Using the listing below, copy exactly the lines from the one containing "fact j) (\<Prod>i<j." to the one containing "d (Neg \<phi>)", both lines included, and no others.

——

(* Let $\alpha\in\mathbb{R}$ and let $m\ge 0$ be an even integer. Let $b_0,\dots,b_m$ be the unique solution of $$\sum_{k=0}^{i}\frac{(-1)^{i-k}}{i-k+1}\,b_k=\frac{(-1)^{i+1}}{i+2}-\binom{-\alpha}{i+1},\qquad i=0,1,\dots,m,$$ and set $c_i=\sum_{k=i}^{m}\binom{k}{i}(-1)^{k-i}b_k$ for $i=0,\dots,m$. Then for every integer $n\ge 0$, every $h>0$, and every real polynomial $f$ of degree at most $m+1$, $$\int_{-\alpha h}^{(n+\alpha)h} f(t)\,dt \;=\; h\sum_{i=0}^{n} f(ih)\;+\;h\sum_{i=0}^{m} c_i\Big[f(ih)+f\big((n-i)h\big)\Big].$$
   Context: For real $x$ and integer $j\ge 0$, $\binom{x}{j}$ denotes the generalized binomial coefficient $x(x-1)\cdots(x-j+1)/j!$ (with $\binom{x}{0}=1$). The integral limits are oriented, and nodes outside $[0,nh]$ (when $\alpha<0$ or $m>n$) are used literally. *)

theory Defs
  imports "HOL-Analysis.Analysis" "HOL-Computational_Algebra.Polynomial"
begin

end

theory Submission
  imports Defs
begin

text \<open>
  Let \<Delta> be the forward difference p(x) \<mapsto> p(x + 1) - p(x). Newton's expansion
  p = \<Sum>_j \<Delta>^j p(0) binom(x, j) yields p'(0) = \<Sum>_{j \<ge> 1} (-1)^(j-1)/j \<Delta>^j p(0), and the
  weights c_i satisfy \<Sum>_i c_i q(i) = \<Sum>_k b_k \<Delta>^k q(0). Hence, for F of degree at most m + 1
  and \<Delta>H = F, the linear equations for b say precisely that \<Sum>_i c_i F'(i) = H'(0) - F(-\<alpha>).
  Applied to F and to its reflection x \<mapsto> -F(n - x) this accounts for both endpoints, while
  \<Sum>_{i=0..n} F'(i) = H'(n + 1) - H'(0) telescopes; so the rule is exact for integrands of
  degree at most m. The remaining degree m + 1 is covered by (x - n/2)^(m+1), which is odd
  about n/2 because m is even, so both sides of the rule vanish on it. The substitution
  t = h x passes from step size 1 to step size h.
\<close>

definition fwd_diff :: "'a::comm_ring_1 poly \<Rightarrow> 'a poly" where
  "fwd_diff p = p \<circ>\<^sub>p [:1, 1:] - p"

definition binomial_poly :: "nat \<Rightarrow> 'a::field_char_0 poly" where
  "binomial_poly j = smult (1 / fact j) (\<Prod>i<j. [:- of_nat i, 1:])"
fun sat :: "('d \<Rightarrow> ('act \<Rightarrow> 'd set \<times> 'd set)) \<Rightarrow> bool \<Rightarrow> 'd \<Rightarrow> 'act form \<Rightarrow> bool" where
  "sat dec m d TT = True"
| "sat dec m d (Neg \<phi>) = (\<not> sat dec (\<not> m) d \<phi>)"
| "sat dec m d (Dia \<alpha> \<phi>) = (\<exists>d'. R dec m d \<alpha> d' \<and> sat dec m d' \<phi>)"
| "sat dec m d (Conj \<phi> \<psi>) = (sat dec m d \<phi> \<and> sat dec m d \<psi>)"

datatype 'act proc = PNil | PBot | PreT 'act "'act proc" | PreB 'act "'act proc"
  | PSum "'act proc" "'act proc"

fun wf_proc :: "'act proc \<Rightarrow> bool" where
  "wf_proc PNil = True"
| "wf_proc PBot = True"
| "wf_proc (PreT \<alpha> p) = wf_proc p"
| "wf_proc (PreB \<alpha> p) = wf_proc p"
| "wf_proc (PSum p q) = (p \<noteq> PNil \<and> p \<noteq> PBot \<and> q \<noteq> PNil \<and> q \<noteq> PBot \<and> wf_proc p \<and> wf_proc q)"

fun den :: "('d::order \<Rightarrow> ('act \<Rightarrow> 'd set \<times> 'd set)) \<Rightarrow> 'act proc \<Rightarrow> 'd" where
  "den dec PNil = inv dec (\<lambda>\<alpha>. ({}, {}))"
| "den dec PBot = inv dec (\<lambda>\<alpha>. ({}, UNIV))"
| "den dec (PreT \<alpha> p) = inv dec (\<lambda>\<beta>. if \<beta> = \<alpha> then (down (den dec p), up (den dec p)) else ({}, {}))"
| "den dec (PreB \<alpha> p) = inv dec (\<lambda>\<beta>. if \<beta> = \<alpha> then ({}, up (den dec p)) else ({}, {}))"
| "den dec (PSum p q) = inv dec (\<lambda>\<alpha>. (fst (dec (den dec p) \<alpha>) \<union> fst (dec (den dec q) \<alpha>),
                                       snd (dec (den dec p) \<alpha>) \<union> snd (dec (den dec q) \<alpha>)))"

text \<open>Transitions p --\<alpha>-->_v p' as a list of triples (\<alpha>, v, p'), v = True for tt, False for bottom.
  Act is enumerated by the enum class.\<close>
fun trans :: "'act::enum proc \<Rightarrow> ('act \<times> bool \<times> 'act proc) list" where
  "trans PNil = []"
| "trans PBot = map (\<lambda>\<gamma>. (\<gamma>, False, PBot)) enum_class.enum"
| "trans (PreT \<alpha> p) = [(\<alpha>, True, p)]"
| "trans (PreB \<alpha> p) = [(\<alpha>, False, p)]"
| "trans (PSum p q) = trans p @ trans q"

lemma trans_size: "x \<in> set (trans p) \<Longrightarrow> size (snd (snd x)) \<le> size p"
  by (induction p) auto

function phi :: "'act::enum proc \<Rightarrow> 'act form" where
  "phi PNil = BigConj (map (\<lambda>\<alpha>. Neg (Dia \<alpha> TT)) enum_class.enum)"
| "phi PBot = TT"
| "phi (PreT \<alpha> p) = Conj (Conj (Dia \<alpha> (phi p)) (Box \<alpha> (phi p)))
                        (BigConj (map (\<lambda>\<beta>. Neg (Dia \<beta> TT)) (filter (\<lambda>\<beta>. \<beta> \<noteq> \<alpha>) enum_class.enum)))"
| "phi (PreB \<alpha> p) = Conj (Box \<alpha> (phi p))
                        (BigConj (map (\<lambda>\<beta>. Neg (Dia \<beta> TT)) (filter (\<lambda>\<beta>. \<beta> \<noteq> \<alpha>) enum_class.enum)))"
| "phi (PSum p q) = Conj
     (BigConj (map (\<lambda>t. Dia (fst t) (phi (snd (snd t))))
                   (filter (\<lambda>t. fst (snd t)) (trans (PSum p q)))))
     (BigConj (map (\<lambda>\<alpha>. Box \<alpha> (BigDisj (map (\<lambda>t. phi (snd (snd t)))
                                          (filter (\<lambda>t. fst t = \<alpha>) (trans (PSum p q))))))
                   enum_class.enum))"
  by pat_completeness auto
termination
proof (relation "measure size")
  fix p q :: "'a::enum proc" and t
  assume "t \<in> set (filter (\<lambda>t. fst (snd t)) (trans (PSum p q)))"
  then have "t \<in> set (trans p) \<or> t \<in> set (trans q)" by auto
  then show "(snd (snd t), PSum p q) \<in> measure size"
    using trans_size[of t p] trans_size[of t q] by auto
next
  fix p q :: "'a::enum proc" and t and \<alpha> :: 'a
  assume "t \<in> set (filter (\<lambda>t. fst t = \<alpha>) (trans (PSum p q)))"
  then have "t \<in> set (trans p) \<or> t \<in> set (trans q)" by auto
  then show "(snd (snd t), PSum p q) \<in> measure size"
    using trans_size[of t p] trans_size[of t q] by auto
qed auto

end

theory Submission
  imports Defs
begin

(* Through the isomorphism dec, den p <= d says that every tt-successor r of p lies below some
   may-successor of d, and that every must-successor of d lies above den r for some successor r
   of p. The characteristic formula phi p says literally the same with den r <= d' replaced by
   "d' satisfies phi r", so induction on the size of p identifies the two. The domain-theoretic
   hypotheses are needed only to see that the denotations of the constructors lie in M(D), so
   that dec inverts inv dec on them. *)

lemma bifinite_algebraic: "bifinite T \<Longrightarrow> algebraic T"
  unfolding bifinite_def by blast

lemma algebraic_compact_below_directed:
  "algebraic TYPE('d::order) \<Longrightarrow> directed {k\<in>K. k \<le> (x::'d)}"
  unfolding algebraic_def by blast

lemma algebraic_ex_compact_below:
  "algebraic TYPE('d::order) \<Longrightarrow> \<exists>k\<in>K. k \<le> (x::'d)"
  using algebraic_compact_below_directed unfolding directed_def by blast

lemma algebraic_not_le_compact:
  assumes "algebraic TYPE('d::order)" and "\<not> (x::'d) \<le> y"
  shows "\<exists>k\<in>K. k \<le> x \<and> \<not> k \<le> y"
proof (rule ccontr)
  assume "\<not> ?thesis"
  then have "is_ub {k\<in>K. k \<le> x} y" unfolding is_ub_def by auto
  moreover have "is_lub {k\<in>K. k \<le> x} x" using assms(1) unfolding algebraic_def by blast
  ultimately have "x \<le> y" unfolding is_lub_def by blast
  with assms(2) show False by simp
qed

lemma scott_closed_iff:
  "scott_closed (L::'d::order set) \<longleftrightarrow>
     (\<forall>x y. y \<in> L \<longrightarrow> x \<le> y \<longrightarrow> x \<in> L) \<and> (\<forall>y. y \<notin> L \<longrightarrow> (\<exists>k\<in>K. k \<notin> L \<and> k \<le> y))"
  (is "_ \<longleftrightarrow> ?lower \<and> ?approx")
proof
  assume "scott_closed L"
  then have eq: "- L = (\<Union>k\<in>- L \<inter> K. up k)" unfolding scott_closed_def scott_open_def .
  have ?lower
  proof (intro allI impI)
    fix x y assume "y \<in> L" "x \<le> y"
    show "x \<in> L"
    proof (rule ccontr)
      assume "x \<notin> L"
      then obtain k where "k \<in> - L \<inter> K" "k \<le> x" using eq by (auto simp: up_def)
      with \<open>x \<le> y\<close> have "y \<in> (\<Union>k\<in>- L \<inter> K. up k)" by (auto simp: up_def dest: order_trans)
      with \<open>y \<in> L\<close> show False using eq by blast
    qed
  qed
  moreover have ?approx using eq by (auto simp: up_def)
  ultimately show "?lower \<and> ?approx" ..
next
  assume "?lower \<and> ?approx"
  then show "scott_closed L" unfolding scott_closed_def scott_open_def up_def by blast
qed

lemma scott_closed_empty: "algebraic TYPE('d::order) \<Longrightarrow> scott_closed ({}::'d set)"
  unfolding scott_closed_iff using algebraic_ex_compact_below by blast

lemma scott_closed_down: "algebraic TYPE('d::order) \<Longrightarrow> scott_closed (down (x::'d))"
  unfolding scott_closed_iff down_def using algebraic_not_le_compact by (auto dest: order_trans)

lemma scott_closed_Un:
  assumes "algebraic TYPE('d::order)" and "scott_closed (A::'d set)" and "scott_closed B"
  shows "scott_closed (A \<union> B)"
  unfolding scott_closed_iff
proof (intro conjI allI impI)
  fix x y assume "y \<in> A \<union> B" "x \<le> y"
  then show "x \<in> A \<union> B" using assms(2,3) unfolding scott_closed_iff by blast
next
  fix y assume "y \<notin> A \<union> B"
  then obtain kA kB where "kA \<in> K" "kA \<notin> A" "kA \<le> y" "kB \<in> K" "kB \<notin> B" "kB \<le> y"
    using assms(2,3) unfolding scott_closed_iff by blast
  moreover obtain k where "k \<in> K" "k \<le> y" "kA \<le> k" "kB \<le> k"
    using algebraic_compact_below_directed[OF assms(1), of y] calculation
    unfolding directed_def by blast
  ultimately show "\<exists>k\<in>K. k \<notin> A \<union> B \<and> k \<le> y"
    using assms(2,3) unfolding scott_closed_iff by blast
qed

lemma lawson_closed_empty: "lawson_closed {}"
  unfolding lawson_closed_def lawson_open_def by (simp add: generate_topology.UNIV)

lemma lawson_closed_UNIV: "lawson_closed UNIV"
  unfolding lawson_closed_def lawson_open_def using generate_topology.UN[of "{}"] by simp

lemma lawson_closed_Un: "lawson_closed A \<Longrightarrow> lawson_closed B \<Longrightarrow> lawson_closed (A \<union> B)"
  unfolding lawson_closed_def lawson_open_def using generate_topology.Int by fastforce

lemma lawson_closed_up:
  assumes "algebraic TYPE('d::order)"
  shows "lawson_closed (up (x::'d))"
proof -
  let ?F = "{up l - up k | k l. k \<in> K \<and> l \<in> K \<and> k \<le> x}"
  have "- up x = \<Union>?F"
  proof
    show "- up x \<subseteq> \<Union>?F"
    proof
      fix y assume "y \<in> - up x"
      then obtain k where "k \<in> K" "k \<le> x" "\<not> k \<le> y"
        using algebraic_not_le_compact[OF assms] by (auto simp: up_def)
      moreover obtain l where "l \<in> K" "l \<le> y" using algebraic_ex_compact_below[OF assms] by blast
      ultimately show "y \<in> \<Union>?F" by (auto simp: up_def)
    qed
    show "\<Union>?F \<subseteq> - up x" by (auto simp: up_def dest: order_trans)
  qed
  moreover have "generate_topology {up k - up l | k l. k \<in> K \<and> l \<in> K} (\<Union>?F)"
    by (rule generate_topology.UN) (auto intro: generate_topology.Basis)
  ultimately show ?thesis unfolding lawson_closed_def lawson_open_def by simp
qed

lemma upper_set_up: "upper_set (up x)"
  unfolding upper_set_def up_def by (auto dest: order_trans)

lemma mixedPD_iff:
  "(L, U) \<in> mixedPD \<longleftrightarrow> scott_closed L \<and> lawson_closed U \<and> upper_set U \<and>
     L = {x. \<exists>y\<in>L \<inter> U. x \<le> y}"
  unfolding mixedPD_def by blast

lemma mixedPD_lower:
  assumes "(L, U) \<in> mixedPD" and "y \<in> L" and "x \<le> y"
  shows "x \<in> L"
proof -
  have L: "L = {x. \<exists>y\<in>L \<inter> U. x \<le> y}" using assms(1) unfolding mixedPD_iff by blast
  then obtain z where "z \<in> L \<inter> U" "y \<le> z" using assms(2) by blast
  with assms(3) have "x \<in> {x. \<exists>y\<in>L \<inter> U. x \<le> y}" by (blast dest: order_trans)
  then show ?thesis using L by blast
qed

lemma mixedPD_empty_fst:
  "algebraic TYPE('d::order) \<Longrightarrow> lawson_closed U \<Longrightarrow> upper_set U \<Longrightarrow> ({}, U::'d set) \<in> mixedPD"
  unfolding mixedPD_iff by (simp add: scott_closed_empty)

lemma mixedPD_empty: "algebraic TYPE('d::order) \<Longrightarrow> ({}, {}::'d set) \<in> mixedPD"
  by (rule mixedPD_empty_fst) (simp_all add: lawson_closed_empty upper_set_def)

lemma mixedPD_down_up: "algebraic TYPE('d::order) \<Longrightarrow> (down x, up (x::'d)) \<in> mixedPD"
  unfolding mixedPD_iff
  by (simp add: scott_closed_down lawson_closed_up upper_set_up) (auto simp: down_def up_def)

lemma mixedPD_Un:
  assumes "algebraic TYPE('d::order)" and "(L1, U1) \<in> mixedPD" and "(L2, U2::'d set) \<in> mixedPD"
  shows "(L1 \<union> L2, U1 \<union> U2) \<in> mixedPD"
proof -
  have pd1: "scott_closed L1" "lawson_closed U1" "upper_set U1" "L1 \<subseteq> {x. \<exists>y\<in>L1 \<inter> U1. x \<le> y}"
    using assms(2) unfolding mixedPD_iff by blast+
  have pd2: "scott_closed L2" "lawson_closed U2" "upper_set U2" "L2 \<subseteq> {x. \<exists>y\<in>L2 \<inter> U2. x \<le> y}"
    using assms(3) unfolding mixedPD_iff by blast+
  have "L1 \<union> L2 = {x. \<exists>y\<in>(L1 \<union> L2) \<inter> (U1 \<union> U2). x \<le> y}"
    using pd1(4) pd2(4) mixedPD_lower[OF assms(2)] mixedPD_lower[OF assms(3)] by blast
  moreover have "upper_set (U1 \<union> U2)" using pd1(3) pd2(3) unfolding upper_set_def by blast
  ultimately show ?thesis
    unfolding mixedPD_iff
    using scott_closed_Un[OF assms(1) pd1(1) pd2(1)] lawson_closed_Un[OF pd1(2) pd2(2)] by blast
qed

lemma mixed_iso_in_mixedPD: "mixed_iso dec \<Longrightarrow> dec x \<alpha> \<in> mixedPD"
  unfolding mixed_iso_def bij_betw_def by blast

lemma mixed_iso_inv:
  assumes "mixed_iso dec" and "\<And>\<alpha>. f \<alpha> \<in> mixedPD"
  shows "dec (inv dec f) = f"
proof -
  have "f \<in> range dec" using assms unfolding mixed_iso_def bij_betw_def by blast
  then show ?thesis by (rule f_inv_into_f)
qed

lemma mixed_iso_le_iff:
  "mixed_iso dec \<Longrightarrow>
     x \<le> y \<longleftrightarrow> (\<forall>\<alpha>. fst (dec x \<alpha>) \<subseteq> fst (dec y \<alpha>) \<and> snd (dec y \<alpha>) \<subseteq> snd (dec x \<alpha>))"
  unfolding mixed_iso_def by blast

——

» SOLVED EXERCISE
  "binomial_poly j = smult (1 / fact j) (\<Prod>i<j. [:- of_nat i, 1:])"
fun sat :: "('d \<Rightarrow> ('act \<Rightarrow> 'd set \<times> 'd set)) \<Rightarrow> bool \<Rightarrow> 'd \<Rightarrow> 'act form \<Rightarrow> bool" where
  "sat dec m d TT = True"
| "sat dec m d (Neg \<phi>) = (\<not> sat dec (\<not> m) d \<phi>)"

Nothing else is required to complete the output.